L'armateur était tellement heureux que Stéphane et Umberto en eurent des frissons.
- Je les ai dévorées ! Trois, parce que ma femme n'en a pris qu'une. C'était délicieux ! Pas du
tout le goût auquel je m'attendais. Ça ressemblait à du singe, mais tellement plus tendre.
Évidemment je ne vous demande pas comment vous vous êtes procuré ces belles pièces.
- C'est effectivement un secret qu'il vaut mieux ne pas dévoiler concéda prudemment
Umberto en s'appuyant négligemment au dossier d'une chaise libre.

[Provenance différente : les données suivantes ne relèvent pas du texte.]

definition isometry_semigroup :: "(complex \<Rightarrow> 'a::banach \<Rightarrow> 'a) \<Rightarrow> (real \<Rightarrow> 'a \<Rightarrow> 'a) \<Rightarrow> bool" where
  "isometry_semigroup sm K \<longleftrightarrow>
     (\<forall>s\<ge>0. (\<forall>x y. K s (x + y) = K s x + K s y) \<and> (\<forall>a x. K s (sm a x) = sm a (K s x))
            \<and> (\<forall>x. norm (K s x) = norm x)) \<and>
     (\<forall>x. K 0 x = x) \<and>
     (\<forall>s1\<ge>0. \<forall>s2\<ge>0. \<forall>x. K (s1 + s2) x = K s1 (K s2 x)) \<and>
     (\<forall>x. continuous_on {0..} (\<lambda>s. K s x))"

definition unitary_part :: "(real \<Rightarrow> 'a \<Rightarrow> 'a) \<Rightarrow> 'a set" where
  "unitary_part K = (\<Inter>s\<in>{0..}. range (K s))"

definition L2_on :: "real \<Rightarrow> (real \<Rightarrow> complex) \<Rightarrow> bool" where
  "L2_on \<tau> g \<longleftrightarrow> g \<in> borel_measurable lborel \<and>
      set_integrable lborel {0..\<tau>} (\<lambda>t. (cmod (g t))^2)"

definition L2_normsq :: "real \<Rightarrow> (real \<Rightarrow> complex) \<Rightarrow> real" where
  "L2_normsq \<tau> g = (LINT t:{0..\<tau>}|lborel. (cmod (g t))^2)"

definition A_op :: "(real \<Rightarrow> real \<Rightarrow> complex) \<Rightarrow> real \<Rightarrow> (real \<Rightarrow> complex) \<Rightarrow> real \<Rightarrow> complex" where
  "A_op k \<tau> g t = (LINT s:{0..\<tau>}|lborel. g s * k s t) / complex_of_real \<tau>"

definition A_form :: "(real \<Rightarrow> real \<Rightarrow> complex) \<Rightarrow> real \<Rightarrow> (real \<Rightarrow> complex) \<Rightarrow> complex" where
  "A_form k \<tau> g = (LINT t:{0..\<tau>}|lborel. A_op k \<tau> g t * cnj (g t))"

text \<open>lambda_{h,tau,1}: supremum of the Rayleigh quotient (which is real, A being self-adjoint).\<close>
definition lambda1 :: "('a \<Rightarrow> 'a \<Rightarrow> complex) \<Rightarrow> (real \<Rightarrow> 'a \<Rightarrow> 'a) \<Rightarrow> 'a \<Rightarrow> real \<Rightarrow> real" where
  "lambda1 ip K h \<tau> =
     Sup {Re (A_form (\<lambda>s t. ip (K s h) (K t h)) \<tau> g) / L2_normsq \<tau> g | g. L2_on \<tau> g \<and> L2_normsq \<tau> g \<noteq> 0}"

end

theory Submission
  imports Defs "HOL-Real_Asymp.Real_Asymp"
begin

text \<open>Write \<open>\<phi> v = \<integral> cis (v * x) d\<mu>\<close>, so that the kernel of the operator on \<open>[0, \<tau>]\<close> is
  \<open>\<phi> (s - t)\<close>. Two applications of Cauchy-Schwarz bound every Rayleigh quotient by the square root
  of \<open>sup\<^sub>t \<tau>\<^sup>-\<^sup>1 \<integral>\<^sub>0\<^sup>\<tau> |\<phi> (s - t)|\<^sup>2 ds\<close>. By Fubini \<open>|\<phi> v|\<^sup>2 = \<integral>\<integral> cos (v (x - y)) d\<mu> d\<mu>\<close>, and integrating
  the cosine over \<open>s\<close> first shows that this supremum is at most
  \<open>3 \<integral>\<integral> 1 / (1 + \<tau> |x - y|) d\<mu> d\<mu>\<close>. By dominated convergence the latter tends to the
  \<open>\<mu> \<Otimes> \<mu>\<close>-measure of the diagonal, which vanishes because \<mu> has no atoms.\<close>

lemma borel_measurable_cis [measurable]: "cis \<in> borel_measurable borel"
  by (rule borel_measurable_continuous_onI) (simp add: continuous_on_cis)

lemma le_sqrt_mult_of_le_arith_geo_mean:
  fixes X P Q :: real
  assumes "0 \<le> P" "0 \<le> Q" and le: "\<And>a. a > 0 \<Longrightarrow> X \<le> (a * P + Q / a) / 2"
  shows "X \<le> sqrt (P * Q)"
proof (cases "P = 0 \<or> Q = 0")
  case False
  then have "P > 0" "Q > 0" using assms by auto
  define a where "a = sqrt (Q / P)"
  have "a > 0" "a * P = sqrt (P * Q)" "Q / a = sqrt (P * Q)"
    unfolding a_def using \<open>P > 0\<close> \<open>Q > 0\<close>
    by (simp_all add: real_sqrt_divide real_sqrt_mult field_simps)
  then show ?thesis using le[of a] by simp
next
  case True
  show ?thesis
  proof (rule ccontr)
    assume "\<not> X \<le> sqrt (P * Q)"
    then have X: "X > 0" using True by auto
    have small: "c * X / (2 * (c + 1)) < X" if "0 \<le> c" for c
      using X that by (simp add: field_simps add_nonneg_pos)
    show False
    proof (cases "P = 0")
      case True
      have "X \<le> Q * X / (2 * (Q + 1))"
        using le[of "(Q + 1) / X"] X \<open>0 \<le> Q\<close> True by (simp add: field_simps)
      with small[OF \<open>0 \<le> Q\<close>] show False by simp
    next
      case False
      then have "Q = 0" using True by simp
      have "X \<le> P * X / (2 * (P + 1))"
        using le[of "X / (P + 1)"] X \<open>0 \<le> P\<close> \<open>Q = 0\<close> by (simp add: field_simps)
      with small[OF \<open>0 \<le> P\<close>] show False by simp
    qed
  qed
qed

text \<open>Cauchy-Schwarz, with \<open>u\<close> not required to be measurable: it is applied to \<open>A g\<close>, whose
  measurability is never established.\<close>

lemma integral_le_sqrt_mult_integral_power2:
  fixes u f g :: "'b \<Rightarrow> real"
  assumes "\<And>x. u x \<le> f x * g x" "\<And>x. 0 \<le> f x" "\<And>x. 0 \<le> g x"
    and "integrable M (\<lambda>x. (f x)^2)" "integrable M (\<lambda>x. (g x)^2)"
  shows "integral\<^sup>L M u \<le> sqrt ((\<integral>x. (f x)^2 \<partial>M) * (\<integral>x. (g x)^2 \<partial>M))"
proof (rule le_sqrt_mult_of_le_arith_geo_mean)
  fix a :: real assume "a > 0"
  have "integral\<^sup>L M u \<le> (\<integral>x. (a * (f x)^2 + (g x)^2 / a) / 2 \<partial>M)"
  proof (rule integral_mono')
    fix x
    have "0 \<le> (a * f x - g x)^2 / a" using \<open>a > 0\<close> by simp
    then have "f x * g x \<le> (a * (f x)^2 + (g x)^2 / a) / 2"
      using \<open>a > 0\<close> by (simp add: power2_eq_square field_simps)
    then show "u x \<le> (a * (f x)^2 + (g x)^2 / a) / 2" using assms(1) order_trans by blast
    show "0 \<le> (a * (f x)^2 + (g x)^2 / a) / 2" using \<open>a > 0\<close> by simp
  qed (use assms in simp)
  also have "\<dots> = (a * (\<integral>x. (f x)^2 \<partial>M) + (\<integral>x. (g x)^2 \<partial>M) / a) / 2"
    using assms by simp
  finally show "integral\<^sup>L M u \<le> \<dots>" .
qed (use integral_nonneg_AE in auto)

lemma norm_A_form_le:
  fixes k :: "real \<Rightarrow> real \<Rightarrow> complex" and g :: "real \<Rightarrow> complex"
  assumes "\<tau> > 0" and g: "L2_on \<tau> g"
    and k_integrable: "\<And>t. t \<in> {0..\<tau>} \<Longrightarrow> set_integrable lborel {0..\<tau>} (\<lambda>s. (cmod (k s t))^2)"
    and k_bound: "\<And>t. t \<in> {0..\<tau>} \<Longrightarrow> (LINT s:{0..\<tau>}|lborel. (cmod (k s t))^2) \<le> B"
  shows "cmod (A_form k \<tau> g) \<le> sqrt (B / \<tau>) * L2_normsq \<tau> g"
proof -
  define I where "I = (\<lambda>s. indicator {0..\<tau>} s :: real)"
  have I_mult_power2: "(I s * y)^2 = I s * y^2" for s y
    unfolding I_def by (simp split: split_indicator)
  have I_power2: "(I s)^2 = I s" for s
    unfolding I_def by (simp split: split_indicator)
  have I_integrable: "integrable lborel (\<lambda>s. (c * I s)^2)" for c
    unfolding power_mult_distrib I_power2
    by (auto simp: I_def emeasure_lborel_Icc_eq)
  define N where "N = L2_normsq \<tau> g"
  have N_eq: "N = (\<integral>s. (I s * cmod (g s))^2 \<partial>lborel)"
    unfolding N_def L2_normsq_def set_lebesgue_integral_def I_mult_power2 by (simp add: I_def)
  have g_integrable: "integrable lborel (\<lambda>s. (I s * cmod (g s))^2)"
    using g unfolding L2_on_def set_integrable_def I_mult_power2 by (simp add: I_def)
  have "0 \<le> (LINT s:{0..\<tau>}|lborel. (cmod (k s 0))^2)"
    unfolding set_lebesgue_integral_def by (simp add: integral_nonneg_AE)
  then have "0 \<le> B" using k_bound[of 0] \<open>\<tau> > 0\<close> by simp
  have "0 \<le> N" unfolding N_eq by simp
  define C where "C = sqrt (N * B) / \<tau>"
  have A_op_bound: "cmod (A_op k \<tau> g t) \<le> C" if t: "t \<in> {0..\<tau>}" for t
  proof -
    have "cmod (LINT s:{0..\<tau>}|lborel. g s * k s t)
        \<le> (\<integral>s. norm (indicator {0..\<tau>} s *\<^sub>R (g s * k s t)) \<partial>lborel)"
      unfolding set_lebesgue_integral_def by (rule integral_norm_bound)
    also have "\<dots> \<le> sqrt (N * (\<integral>s. (I s * cmod (k s t))^2 \<partial>lborel))"
      unfolding N_eq
    proof (rule integral_le_sqrt_mult_integral_power2)
      show "integrable lborel (\<lambda>s. (I s * cmod (g s))^2)" by (fact g_integrable)
      show "integrable lborel (\<lambda>s. (I s * cmod (k s t))^2)"
        using k_integrable[OF t] unfolding set_integrable_def I_mult_power2 by (simp add: I_def)
    qed (auto simp: I_def norm_mult split: split_indicator)
    also have "\<dots> \<le> sqrt (N * B)"
      using k_bound[OF t] \<open>0 \<le> N\<close>
      unfolding set_lebesgue_integral_def I_mult_power2 by (simp add: I_def mult_left_mono)
    finally show ?thesis unfolding A_op_def C_def using \<open>\<tau> > 0\<close>
      by (simp add: norm_divide divide_right_mono)
  qed
  have "cmod (A_form k \<tau> g)
      \<le> (\<integral>t. norm (indicator {0..\<tau>} t *\<^sub>R (A_op k \<tau> g t * cnj (g t))) \<partial>lborel)"
    unfolding A_form_def set_lebesgue_integral_def by (rule integral_norm_bound)
  also have "\<dots> \<le> sqrt ((\<integral>t. (C * I t)^2 \<partial>lborel) * N)"
    unfolding N_eq
  proof (rule integral_le_sqrt_mult_integral_power2)
    fix t
    show "norm (indicator {0..\<tau>} t *\<^sub>R (A_op k \<tau> g t * cnj (g t))) \<le> C * I t * (I t * cmod (g t))"
      using A_op_bound[of t] unfolding I_def
      by (auto simp: norm_mult split: split_indicator intro: mult_right_mono)
    show "0 \<le> C * I t" unfolding C_def I_def using \<open>\<tau> > 0\<close> \<open>0 \<le> N\<close> \<open>0 \<le> B\<close> by simp
    show "integrable lborel (\<lambda>t. (I t * cmod (g t))^2)" by (fact g_integrable)
    show "integrable lborel (\<lambda>t. (C * I t)^2)" by (fact I_integrable)
  qed (simp add: I_def)
  also have "(\<integral>t. (C * I t)^2 \<partial>lborel) = C^2 * \<tau>"
    unfolding power_mult_distrib I_power2 using \<open>\<tau> > 0\<close> by (simp add: I_def)
  also have "sqrt (C^2 * \<tau> * N) = sqrt (B / \<tau>) * N"
    unfolding C_def using \<open>\<tau> > 0\<close> \<open>0 \<le> N\<close> \<open>0 \<le> B\<close>
    by (simp add: real_sqrt_mult real_sqrt_divide field_simps)
  finally show ?thesis unfolding N_def .
qed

- Cela risque d'être impossible d'en retrouver monsieur Fleisch se précipita Stéphane pour
éviter tout récidive, les mains nouées devant lui.
Plus loin les clients mangeaient à petites bouchées des plats apportés par les serveurs en
sous-effectif. Depuis la veille le service était perturbé par l'absence soudaine d'un jeune
serveur. Stéphane avait expliqué à l'équipe son départ en catastrophe au chevet de son
arrière-grand-père et qu'il allait probablement rester définitivement près de sa famille.

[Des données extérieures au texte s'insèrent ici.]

lemma connected_sin_nonneg_subset_halfturn:
  fixes S :: "real set" and k :: int
  assumes "connected S" "x0 \<in> S" "2 * pi * k \<le> x0" "x0 \<le> 2 * pi * k + pi"
    and "\<forall>x\<in>S. 0 \<le> sin x"
  shows "S \<subseteq> {2 * pi * k .. 2 * pi * k + pi}"
proof
  fix y assume y: "y \<in> S"
  show "y \<in> {2 * pi * k .. 2 * pi * k + pi}"
  proof (rule ccontr)
    assume "y \<notin> {2 * pi * k .. 2 * pi * k + pi}"
    then consider "y < 2 * pi * k" | "2 * pi * k + pi < y" by force
    then obtain v where "v \<in> S" "sin v < 0"
    proof cases
      case 1
      define v where "v = max y (2 * pi * k - pi / 2)"
      have v: "2 * pi * (k - 1) + pi < v" "v < 2 * pi * (k - 1) + 2 * pi"
        using 1 pi_gt_zero by (auto simp: v_def algebra_simps less_max_iff_disj)
      have "{y..x0} \<subseteq> S" using connected_contains_Icc assms y by blast
      moreover have "v \<in> {y..x0}" using v assms(3) by (auto simp: v_def algebra_simps)
      ultimately show thesis using that sin_neg_on_lower_halfturn[OF v] by blast
    next
      case 2
      define v where "v = min y (2 * pi * k + 3 * pi / 2)"
      have v: "2 * pi * k + pi < v" "v < 2 * pi * k + 2 * pi"
        using 2 pi_gt_zero by (auto simp: v_def min_less_iff_disj)
      have "{x0..y} \<subseteq> S" using connected_contains_Icc assms y by blast
      moreover have "v \<in> {x0..y}" using v assms(4) by (auto simp: v_def)
      ultimately show thesis using that sin_neg_on_lower_halfturn[OF v] by blast
    qed
    then show False using assms(5) by force
  qed
qed

lemma sin_nonneg_lift_variation:
  fixes \<theta> :: "real \<Rightarrow> real"
  assumes "a \<le> b" "continuous_on {a..b} \<theta>" "\<forall>t\<in>{a..b}. 0 \<le> sin (\<theta> t)"
  shows "\<bar>\<theta> b - \<theta> a\<bar> \<le> pi" and "sin (\<theta> a) \<noteq> 0 \<Longrightarrow> \<bar>\<theta> b - \<theta> a\<bar> < pi"
proof -
  obtain k :: int where k: "2 * pi * k \<le> \<theta> a" "\<theta> a \<le> 2 * pi * k + pi"
    using sin_nonneg_imp_upper_halfturn assms(1,3) by force
  have "\<theta> ` {a..b} \<subseteq> {2 * pi * k .. 2 * pi * k + pi}"
    using assms(1,3) k
    by (intro connected_sin_nonneg_subset_halfturn connected_continuous_image assms(2)) auto
  then have b: "\<theta> b \<in> {2 * pi * k .. 2 * pi * k + pi}" using assms(1) by (auto simp: image_subset_iff)
  then show "\<bar>\<theta> b - \<theta> a\<bar> \<le> pi" using k unfolding abs_le_iff atLeastAtMost_iff by linarith
  show "\<bar>\<theta> b - \<theta> a\<bar> < pi" if "sin (\<theta> a) \<noteq> 0"
  proof -
    have "sin (2 * pi * k) = 0" "sin (2 * pi * k + pi) = 0" by simp_all
    with that have "\<theta> a \<noteq> 2 * pi * k" "\<theta> a \<noteq> 2 * pi * k + pi" by metis+
    then show ?thesis using b k unfolding abs_less_iff atLeastAtMost_iff by linarith
  qed
qed
lemma norm_le_form_norm:
  fixes T :: "(nat \<Rightarrow> nat \<Rightarrow> 'k::real_normed_field) \<Rightarrow> 'k"
  assumes "bounded_multilinear_form m p T" "x \<in> multi_dom m p" "\<forall>j<m. lp_norm (p j) (x j) \<le> 1"
  shows "norm (T x) \<le> form_norm m p T"
  unfolding form_norm_def by (rule cSUP_upper[OF _ form_norm_bdd_above[OF assms(1)]]) (use assms in auto)

lemma form_norm_nonneg:
  fixes T :: "(nat \<Rightarrow> nat \<Rightarrow> 'k::real_normed_field) \<Rightarrow> 'k"
  assumes "bounded_multilinear_form m p T"
  shows "0 \<le> form_norm m p T"
  using norm_le_form_norm[OF assms zero_in_multi_dom] by (auto simp: lp_norm_zero intro: order_trans[OF norm_ge_zero])

lemma multilinear_form_normalise_arg:
  fixes T :: "(nat \<Rightarrow> nat \<Rightarrow> 'k::real_normed_field) \<Rightarrow> 'k"
  assumes T: "multilinear_form m p T" and x: "x \<in> multi_dom m p" and K: "K < m" and pK: "0 < p K"
    and \<nu>: "lp_norm (p K) (x K) = \<nu>" "0 < \<nu>"
  defines "x' \<equiv> x(K := (\<lambda>t. of_real (1/\<nu>) * x K t))"
  shows "x' \<in> multi_dom m p" and "lp_norm (p K) (x' K) = 1" and "norm (T x) = \<nu> * norm (T x')"
proof -
  have xK: "lp_mem (p K) (x K)" using x K by (rule multi_dom_lp_mem)
  show x': "x' \<in> multi_dom m p" unfolding x'_def using x K xK by (intro multi_dom_upd lp_mem_scale)
  show "lp_norm (p K) (x' K) = 1"
    unfolding x'_def using lp_norm_scale[OF xK pK, of "of_real (1/\<nu>)"] \<nu> by (simp add: norm_divide)
  have "x'(K := (\<lambda>t. of_real \<nu> * x' K t)) = x"
    unfolding x'_def using \<nu> by (auto simp: mult.assoc[symmetric] of_real_mult[symmetric])
  then have "T x = of_real \<nu> * T x'" using multilinear_form_scale[OF T x' K, of "of_real \<nu>"] by simp
  then show "norm (T x) = \<nu> * norm (T x')" using \<nu> by (simp add: norm_mult)
qed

- Les insectes vont me paraître vraiment fades maintenant s'écria la femme. Comblé,
l'homme hochait la tête, le buste en arrière, les mains sans honte sur son ventre.

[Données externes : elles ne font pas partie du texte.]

text \<open>The polynomial \<open>(X + 1)^q - X^q - 1\<close> has degree below \<open>q\<close> but vanishes on all
  \<open>q\<close> field elements, so all of its coefficients, the inner binomial coefficients, vanish.\<close>
lemma finite_field_binomial_eq_0:
  assumes "0 < k" "k < CARD('a::{field,finite})"
  shows "of_nat (CARD('a) choose k) = (0::'a)"
proof -
  define P :: "'a poly" where "P = [:1,1:] ^ CARD('a) - Polynomial.monom 1 CARD('a) - 1"
  have q2: "2 \<le> CARD('a)"
    by (rule card_finite_field_ge_2)
  have high_coeffs: "Polynomial.coeff P i = 0" if "i \<ge> CARD('a)" for i
  proof (cases "i = CARD('a)")
    case False
    with that have "Polynomial.coeff ([:1,1::'a:] ^ CARD('a)) i = 0"
      by (intro coeff_eq_0 le_less_trans[OF degree_power_le]) simp
    with False that q2 show ?thesis
      by (simp add: P_def coeff_monom)
  qed (use q2 in \<open>simp add: P_def coeff_linear_power\<close>)
  have "P = 0"
  proof (rule ccontr)
    assume "P \<noteq> 0"
    have "degree P \<le> CARD('a) - 1"
      by (rule degree_le) (use high_coeffs in auto)
    moreover have "{x. poly P x = 0} = UNIV"
      by (simp add: P_def poly_power poly_monom finite_field_power_card)
    ultimately show False
      using card_poly_roots_bound[OF \<open>P \<noteq> 0\<close>] q2 by simp
  qed
  then have "Polynomial.coeff P k = 0"
    by simp
  with assms show ?thesis
    by (simp add: P_def coeff_linear_poly_power coeff_monom coeff_1)
qed

context
  fixes f :: "'a::field \<Rightarrow> 'b::field"
  assumes emb: "field_emb f"
begin

lemma field_emb_add: "f (x + y) = f x + f y"
  and field_emb_mult: "f (x * y) = f x * f y"
  and field_emb_1: "f 1 = 1"
  using emb unfolding field_emb_def by auto

lemma field_emb_0: "f 0 = 0"
  using field_emb_add[of 0 0] by (metis add_cancel_right_right)

lemma field_emb_uminus: "f (- x) = - f x"
  using field_emb_add[of x "- x"] by (simp add: field_emb_0 eq_neg_iff_add_eq_0 add.commute)

lemma field_emb_diff: "f (x - y) = f x - f y"
  using field_emb_add[of x "- y"] field_emb_uminus[of y] by simp

lemma field_emb_eq_0_iff: "f x = 0 \<longleftrightarrow> x = 0"
proof
  assume "f x = 0"
  then show "x = 0"
    using field_emb_mult[of x "inverse x"] field_emb_1 by (cases "x = 0") auto
qed (simp add: field_emb_0)

lemma field_emb_inj: "inj f"
  by (rule injI) (metis field_emb_diff field_emb_eq_0_iff right_minus_eq)

lemma field_emb_power: "f (x ^ k) = f x ^ k"
  by (induction k) (simp_all add: field_emb_1 field_emb_mult)

lemma field_emb_of_nat: "f (of_nat m) = of_nat m"
  by (induction m) (simp_all add: field_emb_0 field_emb_1 field_emb_add)

lemma map_poly_emb_add: "map_poly f (p + q) = map_poly f p + map_poly f q"
  by (intro poly_eqI) (simp add: coeff_map_poly field_emb_0 field_emb_add)

lemma map_poly_emb_diff: "map_poly f (p - q) = map_poly f p - map_poly f q"
  by (intro poly_eqI) (simp add: coeff_map_poly field_emb_0 field_emb_diff)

- Content que cela vous ait plu murmura Umberto – trop ému, Stéphane, en retrait, ne disait
rien. Je vous fais suivre les fruits, le dessert du jour et des cafés ?
- C'est une merveilleuse journée pérora encore le client à l'attention du couple de
restaurateurs. Il eût un regard repus, plein de fierté, mais d'abord adressé à lui-même.
- Le Rat Radieux est vraiment un grand restaurant avec vous deux à sa tête, une vraie famille.
Tiens d'ailleurs, votre inséparable chien n'est pas avec vous ? Toujours caché sous le
comptoir ? D'habitude il vous accompagne tout le temps.
- Je vais chercher les desserts murmura Stéphane, tremblant à l'évocation de Médor, son
épagneul. Ses premières larmes ne coulèrent qu'une fois à mi-chemin des cuisines.
Impassible, Umberto resta seul face au couple.
- Non. On a dû hélas s'en séparer brutalement.